====== Data ======

lemma schroeder_two_roots_factor:
  fixes a b :: complex and m n :: nat
  assumes "m \<ge> 1" "n \<ge> 1"
  defines "f \<equiv> [:-a, 1:] ^ m * [:-b, 1:] ^ n"
    and "g \<equiv> [:-a, 1:] ^ (m - 1) * [:-b, 1:] ^ (n - 1)"
  shows "(pderiv f)\<^sup>2 - f * pderiv (pderiv f) = g\<^sup>2 * schroeder_den a b m n"
    and "[:0, 1:] * ((pderiv f)\<^sup>2 - f * pderiv (pderiv f)) - f * pderiv f = g\<^sup>2 * schroeder_num a b m n"
proof -
  define A B where "A = [:-a, 1:]" and "B = [:-b, 1:]"
  define D L where "D = A * B" and "L = smult (of_nat m) B + smult (of_nat n) A"
  have log_deriv: "D * pderiv f = f * L"
    unfolding D_def L_def f_def A_def B_def by (rule two_roots_log_derivative)
  have "pderiv D * L - D * pderiv L = schroeder_den a b m n"
    by (rule poly_eq_poly_eq_iff[THEN iffD1])
       (simp add: fun_eq_iff D_def L_def A_def B_def pderiv_mult pderiv_pCons poly_schroeder_den
         algebra_simps power2_eq_square)
  moreover have "[:0, 1:] * schroeder_den a b m n - D * L = schroeder_num a b m n"
    by (rule poly_eq_poly_eq_iff[THEN iffD1])
       (simp add: fun_eq_iff D_def L_def A_def B_def poly_schroeder_den poly_schroeder_num
         algebra_simps power2_eq_square)
  moreover have "f\<^sup>2 = D\<^sup>2 * g\<^sup>2"
    using assms(1,2) by (cases m; cases n) (simp_all add: f_def g_def D_def power2_eq_square mult_ac flip: A_def B_def)
  ultimately have "D\<^sup>2 * ((pderiv f)\<^sup>2 - f * pderiv (pderiv f)) = D\<^sup>2 * (g\<^sup>2 * schroeder_den a b m n)"
    and "D\<^sup>2 * ([:0, 1:] * ((pderiv f)\<^sup>2 - f * pderiv (pderiv f)) - f * pderiv f)
           = D\<^sup>2 * (g\<^sup>2 * schroeder_num a b m n)"
    using schroeder_log_derivative[OF log_deriv] by (simp_all only: mult.assoc)
  moreover have "D\<^sup>2 \<noteq> 0"
    by (simp add: D_def A_def B_def)
  ultimately show "(pderiv f)\<^sup>2 - f * pderiv (pderiv f) = g\<^sup>2 * schroeder_den a b m n"
    and "[:0, 1:] * ((pderiv f)\<^sup>2 - f * pderiv (pderiv f)) - f * pderiv f = g\<^sup>2 * schroeder_num a b m n"
    by simp_all
qed
lemma norm_g_sym_diff_le:
  assumes "x \<in> torus"
  shows "cmod (g_sym a x - g_sym b x) \<le> pi * \<bar>a - b\<bar>"
proof -
  have "g_sym a x - g_sym b x = g_sym b x * (g_sym (a - b) x - 1)"
    by (simp add: right_diff_distrib g_sym_add)
  then have "cmod (g_sym a x - g_sym b x) = cmod (cis (2 * pi * (a - b) * x) - 1)"
    by (simp add: norm_mult g_sym_eq_cis)
  also have "\<dots> \<le> 2 * pi * \<bar>a - b\<bar> * \<bar>x\<bar>"
    using norm_cis_minus_one_le[of "2 * pi * (a - b) * x"] by (simp add: abs_mult)
  also have "\<dots> \<le> 2 * pi * \<bar>a - b\<bar> * (1/2)"
    using assms by (intro mult_left_mono) (auto simp: mem_torus)
  finally show ?thesis by simp
qed

lemma integral_g_sym_int: "integral torus (g_sym (of_int m)) = (if m = 0 then 1 else 0)"
proof (cases "m = 0")
  case False
  define a where "a = complex_of_real (2 * pi * of_int m) * \<i>"
  have a0: "a \<noteq> 0" using False by (simp add: a_def)
  have "\<And>t. t \<in> {-1/2..1/2} \<Longrightarrow>
      ((\<lambda>x. exp (a * x) / a) has_vector_derivative exp (a * t)) (at t within {-1/2..1/2})"
    using a0 by (intro derivative_eq_intros has_complex_derivative_imp_has_vector_derivative[unfolded o_def]
        | simp)+
  then have "((\<lambda>t. exp (a * of_real t)) has_integral
      exp (a * of_real (1/2)) / a - exp (a * of_real (-1/2)) / a) torus"
    unfolding torus_def by (intro fundamental_theorem_of_calculus) auto
  moreover have "exp (a * of_real (1/2)) = exp (a * of_real (-1/2)) * exp a"
    by (simp add: exp_add[symmetric] algebra_simps)
  moreover have "exp a = 1"
    unfolding a_def using exp_integer_2pi[of "of_int m"] by (simp add: algebra_simps)
  moreover have "(\<lambda>t. exp (a * of_real t)) = g_sym (of_int m)"
    by (auto simp: fun_eq_iff g_sym_def a_def algebra_simps)
  ultimately show ?thesis using False by (simp add: integral_unique)
next
  case True
  then have "g_sym (of_int m) = (\<lambda>_. 1)" by (simp add: fun_eq_iff)
  then show ?thesis using True by (simp add: integral_torus_const)
qed
lemma ball_k_eq_square:
  "ball_k k u = {fst u - int k..fst u + int k} \<times> {snd u - int k..snd u + int k}"
  unfolding ball_k_def gdist_eq_chebyshev by auto

section \<open>LPDS from local conditions\<close>

definition forward_offsets :: "vtx set" where
  "forward_offsets = {-2..2} \<times> {1..2} \<union> {1..2} \<times> {0}"

text \<open>
  The LPDS conditions at a vertex, seen from that vertex: T is the set translated so that
  the vertex is the origin, and up tells whether its partner lies in the row above.
  Locating is only required against the forward offsets, the other half following by
  symmetry, and a vertex of T separating N(0) from N(v) is searched only in N(0) and N(v).
\<close>
definition local_lpds_conditions :: "bool \<Rightarrow> (vtx \<Rightarrow> bool) \<Rightarrow> bool" where
  "local_lpds_conditions up T \<longleftrightarrow>
     (\<exists>p\<in>{-1..1} \<times> {-1..1}. T p) \<and>
     (T (0, 0) \<longrightarrow> (\<exists>i\<in>{-1..1}. T (i, if up then 1 else -1))) \<and>
     (\<not> T (0, 0) \<longrightarrow> (\<forall>v\<in>forward_offsets. \<not> T v \<longrightarrow>
        (\<exists>p\<in>{-1..1} \<times> {-1..1}. T p \<and> king_adj (0, 0) p \<and> \<not> king_adj v p) \<or>
        (\<exists>p\<in>{-1..1} \<times> {-1..1}. T (v + p) \<and> king_adj v (v + p) \<and> \<not> king_adj (0, 0) (v + p))))"

definition vertical_edges :: "vtx set \<Rightarrow> vtx set set" where
  "vertical_edges S =
     {{u, v} | u v. u \<in> S \<and> v \<in> S \<and> king_adj u v \<and> even (snd u) \<and> snd v = snd u + 1}"

lemma vertical_edges_disjoint:
  assumes separated: "\<And>u v. u \<in> S \<Longrightarrow> v \<in> S \<Longrightarrow> snd u = snd v \<Longrightarrow> \<bar>fst u - fst v\<bar> \<le> 2 \<Longrightarrow> u = v"
    and "e \<in> vertical_edges S" "e' \<in> vertical_edges S" "e \<noteq> e'"
  shows "e \<inter> e' = {}"
proof -
  have unique: "v = v'"
    if "v \<in> S" "v' \<in> S" "king_adj u v" "king_adj u v'" "snd v = snd v'" for u v v'
    using separated[OF that(1,2,5)] that(3,4) unfolding king_adj_iff by auto
  obtain u v where e: "e = {u, v}" "u \<in> S" "v \<in> S" "king_adj u v" "even (snd u)" "snd v = snd u + 1"
    using \<open>e \<in> vertical_edges S\<close> unfolding vertical_edges_def by blast
  obtain u' v' where e': "e' = {u', v'}" "u' \<in> S" "v' \<in> S" "king_adj u' v'" "even (snd u')" "snd v' = snd u' + 1"
    using \<open>e' \<in> vertical_edges S\<close> unfolding vertical_edges_def by blast
  have "u \<noteq> u'"
  proof
    assume "u = u'"
    then have "v = v'" using unique[of v v' u] e e' by simp
    with \<open>u = u'\<close> show False using e(1) e'(1) \<open>e \<noteq> e'\<close> by simp
  qed
  moreover have "v \<noteq> v'"
  proof
    assume "v = v'"
    have "king_adj v u" "king_adj v u'"
      using e(4) e'(4) \<open>v = v'\<close> by (simp_all add: king_adj_commute)
    moreover have "snd u = snd u'"
      using e(6) e'(6) \<open>v = v'\<close> by simp
    ultimately have "u = u'"
      using unique e(2) e'(2) by blast
    with \<open>v = v'\<close> show False using e(1) e'(1) \<open>e \<noteq> e'\<close> by simp
  qed
  moreover have "u \<noteq> v'" "v \<noteq> u'"
    using e(5,6) e'(5,6) by auto
  ultimately show ?thesis using e(1) e'(1) by blast
qed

======

Within the data above, the span starting at the line containing "by (simp add: norm_mult g_sym_eq_cis)" and ending at the line containing "unfolding ball_k_def gdist_eq_chebyshev" is to be retyped exactly, with no other lines.

    by (simp add: norm_mult g_sym_eq_cis)
  also have "\<dots> \<le> 2 * pi * \<bar>a - b\<bar> * \<bar>x\<bar>"
    using norm_cis_minus_one_le[of "2 * pi * (a - b) * x"] by (simp add: abs_mult)
  also have "\<dots> \<le> 2 * pi * \<bar>a - b\<bar> * (1/2)"
    using assms by (intro mult_left_mono) (auto simp: mem_torus)
  finally show ?thesis by simp
qed

lemma integral_g_sym_int: "integral torus (g_sym (of_int m)) = (if m = 0 then 1 else 0)"
proof (cases "m = 0")
  case False
  define a where "a = complex_of_real (2 * pi * of_int m) * \<i>"
  have a0: "a \<noteq> 0" using False by (simp add: a_def)
  have "\<And>t. t \<in> {-1/2..1/2} \<Longrightarrow>
      ((\<lambda>x. exp (a * x) / a) has_vector_derivative exp (a * t)) (at t within {-1/2..1/2})"
    using a0 by (intro derivative_eq_intros has_complex_derivative_imp_has_vector_derivative[unfolded o_def]
        | simp)+
  then have "((\<lambda>t. exp (a * of_real t)) has_integral
      exp (a * of_real (1/2)) / a - exp (a * of_real (-1/2)) / a) torus"
    unfolding torus_def by (intro fundamental_theorem_of_calculus) auto
  moreover have "exp (a * of_real (1/2)) = exp (a * of_real (-1/2)) * exp a"
    by (simp add: exp_add[symmetric] algebra_simps)
  moreover have "exp a = 1"
    unfolding a_def using exp_integer_2pi[of "of_int m"] by (simp add: algebra_simps)
  moreover have "(\<lambda>t. exp (a * of_real t)) = g_sym (of_int m)"
    by (auto simp: fun_eq_iff g_sym_def a_def algebra_simps)
  ultimately show ?thesis using False by (simp add: integral_unique)
next
  case True
  then have "g_sym (of_int m) = (\<lambda>_. 1)" by (simp add: fun_eq_iff)
  then show ?thesis using True by (simp add: integral_torus_const)
qed
lemma ball_k_eq_square:
  "ball_k k u = {fst u - int k..fst u + int k} \<times> {snd u - int k..snd u + int k}"
  unfolding ball_k_def gdist_eq_chebyshev by auto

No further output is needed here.